# Breakdown
Tactics Board: Ruthless Ireland show extra attacking intent and blow minnows Georgia away
Shane Keegan looks at the senior women’s team’s record-breaking performance at Tallaght Stadium.


BEFORE ANALYSING THIS Women’s World Cup qualifier, it’s worth applying some context to the result.

Georgia are not a good side. They are ranked 123 in the Fifa rankings and were always going to finish bottom of a group that is, aside from them, very competitive.

That said, the ruthless nature of this performance has to be given substantial credit. For all of Georgia’s flaws, they had only conceded a combined total of 9 goals in their three qualifying matches, so to score 11 in one game is a considerable achievement.

So how did Ireland do it?

Change of shape as Ireland rack up record score

katie-mccabe-is-congratulated-by-team-mates-after-scoring-her-second-goal Morgan Treacy / INPHO The Ireland players celebrating a goal. Morgan Treacy / INPHO / INPHO

Vera Pauw made four changes in personnel to her starting eleven with Diane Caldwell, Ruesha Littlejohn, Jessica Ziu and Kyra Carusa all coming into the side.

She also changed the shape but without departing from her favoured approach of three centre-halves. They remained, as did the wing-backs, but the middle of the field now saw a ‘box four’ with one central striker in front of them.

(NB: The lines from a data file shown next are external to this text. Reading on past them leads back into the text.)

lemma zeros_sum_weak_strong_closed:
  fixes A :: "'a::{real_inner,complete_space} \<Rightarrow> 'a set"
  assumes A: "max_monotone_op A" and "monotone_fun B" and lipschitz: "L-lipschitz_on UNIV B"
    and U_in: "\<And>n. U n \<in> A (P n)" and residual: "(\<lambda>n. U n + B (P n)) \<longlonglongrightarrow> 0"
    and "weakly_converges P p" and "bounded (range P)"
  shows "p \<in> zeros_sum A B"
proof -
  have BP_bounded: "bounded (range (B \<circ> P))"
    using bounded_lipschitz_image[OF lipschitz_on_mono[OF lipschitz subset_UNIV order_refl]
        \<open>bounded (range P)\<close>]
    by (simp add: image_comp)
  obtain k b s where "strict_mono k" and BP: "weakly_converges (B \<circ> P \<circ> k) b"
    and "(\<lambda>n. inner (P (k n)) ((B \<circ> P) (k n))) \<longlonglongrightarrow> s"
    using subsequence_weak_and_inner_convergent[OF \<open>bounded (range P)\<close> BP_bounded] by blast
  then have s: "(\<lambda>n. inner ((P \<circ> k) n) ((B \<circ> P \<circ> k) n)) \<longlonglongrightarrow> s"
    by (simp add: o_def)
  have P: "weakly_converges (P \<circ> k) p"
    using \<open>weakly_converges P p\<close> \<open>strict_mono k\<close> by (rule weakly_converges_subseq)
  have W: "(\<lambda>n. U (k n) + B (P (k n))) \<longlonglongrightarrow> 0"
    using LIMSEQ_subseq_LIMSEQ[OF residual \<open>strict_mono k\<close>] by (simp add: o_def)
  have U: "weakly_converges (U \<circ> k) (- b)"
    using weakly_converges_diff[OF tendsto_imp_weakly_converges[OF W] BP] by (simp add: o_def)
  have "bounded (range (P \<circ> k))"
    using \<open>bounded (range P)\<close> by (rule bounded_subset) auto
  from tendsto_diff[OF tendsto_inner_bounded_zero[OF this W] s]
  have PU: "(\<lambda>n. inner ((P \<circ> k) n) ((U \<circ> k) n)) \<longlonglongrightarrow> - s"
    by (simp add: inner_add_right)
  \<comment> \<open>monotonicity of \<open>B\<close> tested at \<open>p\<close> supplies the limsup condition for \<open>A\<close>\<close>
  have "0 \<le> inner ((P \<circ> k) n - p) ((B \<circ> P \<circ> k) n - B p)" for n
    using monotone_funD[OF \<open>monotone_fun B\<close>] by simp
  from inner_weak_limit_ge[OF this P BP s] have "- s \<le> inner p (- b)"
    by simp
  moreover have "(U \<circ> k) n \<in> A ((P \<circ> k) n)" for n
    using U_in by simp
  ultimately have "- b \<in> A p" and "s = inner p b"
    using max_monotone_op_weak_limit[OF A _ P U PU] by auto
  have "max_monotone_op (\<lambda>x. {B x})"
    using \<open>monotone_fun B\<close> lipschitz_on_continuous_on[OF lipschitz] by (rule max_monotone_op_singleton)
  moreover have "(B \<circ> P \<circ> k) n \<in> {B ((P \<circ> k) n)}" for n
    by simp
  ultimately have "b \<in> {B p}"
    using max_monotone_op_weak_limit(1)[OF _ _ P BP s] \<open>s = inner p b\<close> by blast
  with \<open>- b \<in> A p\<close> show ?thesis
    by (simp add: zeros_sum_iff)
qed
lemma sqrt_bigo_self:
  fixes n :: "nat \<Rightarrow> nat"
  assumes "filterlim n at_top sequentially"
  shows "(\<lambda>k. sqrt (real (n k))) \<in> O(\<lambda>k. real (n k))"
proof (rule bigoI)
  have "eventually (\<lambda>k. 1 \<le> n k) sequentially" using assms by (simp add: filterlim_at_top)
  then show "eventually (\<lambda>k. norm (sqrt (real (n k))) \<le> 1 * norm (real (n k))) sequentially"
    by eventually_elim (auto intro!: real_le_lsqrt simp: power2_eq_square)
qed

lemma ratio_tendsto_of_smallo_sqrt:
  fixes a n :: "nat \<Rightarrow> nat"
  assumes n: "filterlim n at_top sequentially"
    and a: "(\<lambda>k. real (a k) - \<eta> * real (n k)) \<in> o(\<lambda>k. sqrt (real (n k)))"
  shows "(\<lambda>k. real (a k) / real (n k)) \<longlonglongrightarrow> \<eta>"
proof -
  have "(\<lambda>k. (real (a k) - \<eta> * real (n k)) / real (n k)) \<longlonglongrightarrow> 0"
    using landau_o.small_big_trans[OF a sqrt_bigo_self[OF n]] by (rule smalloD_tendsto)
  then have "(\<lambda>k. (real (a k) - \<eta> * real (n k)) / real (n k) + \<eta>) \<longlonglongrightarrow> 0 + \<eta>"
    by (intro tendsto_intros)
  moreover have "eventually (\<lambda>k. 1 \<le> n k) sequentially" using n by (simp add: filterlim_at_top)
  then have "eventually (\<lambda>k. (real (a k) - \<eta> * real (n k)) / real (n k) + \<eta> = real (a k) / real (n k))
      sequentially"
    by eventually_elim (simp add: diff_divide_distrib)
  ultimately show ?thesis by (simp add: tendsto_cong)
qed

lemma collision_bound_tendsto_0:
  fixes m n :: "nat \<Rightarrow> nat"
  assumes n: "filterlim n at_top sequentially"
    and m: "(\<lambda>k. real (m k)) \<in> o(\<lambda>k. sqrt (real (n k)))"
  shows "(\<lambda>k. real (m k + 2 * m k * m k) / real (n k)) \<longlonglongrightarrow> 0"
proof -
  have "(\<lambda>k. real (m k)) \<in> o(\<lambda>k. real (n k))"
    using landau_o.small_big_trans[OF m sqrt_bigo_self[OF n]] .
  moreover have "(\<lambda>k. real (m k) * real (m k)) \<in> o(\<lambda>k. sqrt (real (n k)) * sqrt (real (n k)))"
    using m m by (rule landau_o.small_mult)
  then have "(\<lambda>k. 2 * (real (m k) * real (m k))) \<in> o(\<lambda>k. real (n k))" by simp
  ultimately have "(\<lambda>k. real (m k) + 2 * (real (m k) * real (m k))) \<in> o(\<lambda>k. real (n k))"
    by (rule sum_in_smallo)
  then have "(\<lambda>k. (real (m k) + 2 * (real (m k) * real (m k))) / real (n k)) \<longlonglongrightarrow> 0"
    by (rule smalloD_tendsto)
  then show ?thesis by (simp add: mult.assoc)
qed

lemma p1_minus_pattern_prob_tendsto_0:
  fixes n m l :: "nat \<Rightarrow> nat"
  assumes partition: "eventually (\<lambda>k. A1_partition (n k) (l k)) sequentially"
    and n: "filterlim n at_top sequentially"
    and m: "(\<lambda>k. real (m k)) \<in> o(\<lambda>k. sqrt (real (n k)))"
  shows "(\<lambda>k. p1 (n k) (m k) (l k) - pattern_prob (m k) (real (l k) / real (n k))) \<longlonglongrightarrow> 0"
proof (rule Lim_null_comparison[OF _ collision_bound_tendsto_0[OF n m]])
  show "eventually (\<lambda>k. norm (p1 (n k) (m k) (l k) - pattern_prob (m k) (real (l k) / real (n k)))
      \<le> real (m k + 2 * m k * m k) / real (n k)) sequentially"
    using partition by eventually_elim (simp only: real_norm_def A1_partition.p1_approx)
qed

theorem mainTheorem10:
  fixes m l :: "nat \<Rightarrow> nat" and \<eta> :: real
  assumes eta: "0 < \<eta>" "\<eta> < 1 / 2"
    and m_pos: "\<forall>k\<ge>3. 0 < m (2 * k)"
    and l_bounds: "\<forall>k\<ge>3. 2 \<le> l (2 * k) \<and> 2 * l (2 * k) < 2 * k"
    and m_small: "(\<lambda>k. real (m (2 * k))) \<in> o(\<lambda>k. sqrt (real (2 * k)))"
    and l_asymp: "(\<lambda>k. real (l (2 * k)) - \<eta> * real (2 * k)) \<in> o(\<lambda>k. sqrt (real (2 * k)))"
  shows "(\<forall>m0::nat. (\<lambda>k. m (2 * k)) \<longlonglongrightarrow> m0 \<longrightarrow>
            (\<lambda>k. p1 (2 * k) (m (2 * k)) (l (2 * k))) \<longlonglongrightarrow> p_inf m0 \<eta>)
       \<and> (filterlim (\<lambda>k. m (2 * k)) at_top sequentially \<longrightarrow>
            (\<lambda>k. p1 (2 * k) (m (2 * k)) (l (2 * k))) \<longlonglongrightarrow> 1
            \<and> (\<lambda>m'. p_inf m' \<eta>) \<longlonglongrightarrow> 1)"
proof -
  let ?x = "\<lambda>k. real (l (2 * k)) / real (2 * k)"
  have n: "filterlim (\<lambda>k::nat. 2 * k) at_top sequentially" by (simp add: mult_nat_left_at_top)
  have "eventually (\<lambda>k. A1_partition (2 * k) (l (2 * k))) sequentially"
    using eventually_ge_at_top[of 3] by eventually_elim (use l_bounds in \<open>simp add: A1_partition_def\<close>)
  from p1_minus_pattern_prob_tendsto_0[OF this n m_small]
  have approx: "(\<lambda>k. p1 (2 * k) (m (2 * k)) (l (2 * k)) - pattern_prob (m (2 * k)) (?x k)) \<longlonglongrightarrow> 0" .
  have x: "?x \<longlonglongrightarrow> \<eta>" using ratio_tendsto_of_smallo_sqrt[OF n l_asymp] .
  show ?thesis
  proof (intro conjI allI impI)
    fix m0 :: nat assume "(\<lambda>k. m (2 * k)) \<longlonglongrightarrow> m0"
    then have "eventually (\<lambda>k. m (2 * k) = m0) sequentially" by (simp add: tendsto_discrete)
    then have "eventually (\<lambda>k. pattern_prob m0 (?x k) = pattern_prob (m (2 * k)) (?x k)) sequentially"
      by eventually_elim simp
    with pattern_prob_continuous[OF x]
    have "(\<lambda>k. pattern_prob (m (2 * k)) (?x k)) \<longlonglongrightarrow> pattern_prob m0 \<eta>"
      by (rule Lim_transform_eventually)
    from Lim_transform[OF this approx]
    show "(\<lambda>k. p1 (2 * k) (m (2 * k)) (l (2 * k))) \<longlonglongrightarrow> p_inf m0 \<eta>"
      by (simp add: p_inf_eq_pattern_prob[OF eta])
  next
    assume "filterlim (\<lambda>k. m (2 * k)) at_top sequentially"
    from Lim_transform[OF pattern_prob_tendsto_1[OF eta this x] approx]
    show "(\<lambda>k. p1 (2 * k) (m (2 * k)) (l (2 * k))) \<longlonglongrightarrow> 1" .
    show "(\<lambda>m'. p_inf m' \<eta>) \<longlonglongrightarrow> 1"
      using pattern_prob_tendsto_1[OF eta filterlim_ident tendsto_const] by (simp add: p_inf_eq_pattern_prob[OF eta])
  qed
qed

end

The formation change is likely to have ben prompted by Ireland’s lack of control of possession in last week’s disappointing draw at home to Slovakia.

By positioning Lucy Quinn as a second ten in this game, rather than playing her as an out-and-out forward as she had done previously, it gave the team an extra body in the creative phase of the build-up.

Early in the game, and already one-nil up, we see a great example of Ireland’s new shape.

As Denise O’Sullivan gets on the ball, we can clearly see the shape of the central midfield four. More importantly though, take a look at the positions of the wing-backs.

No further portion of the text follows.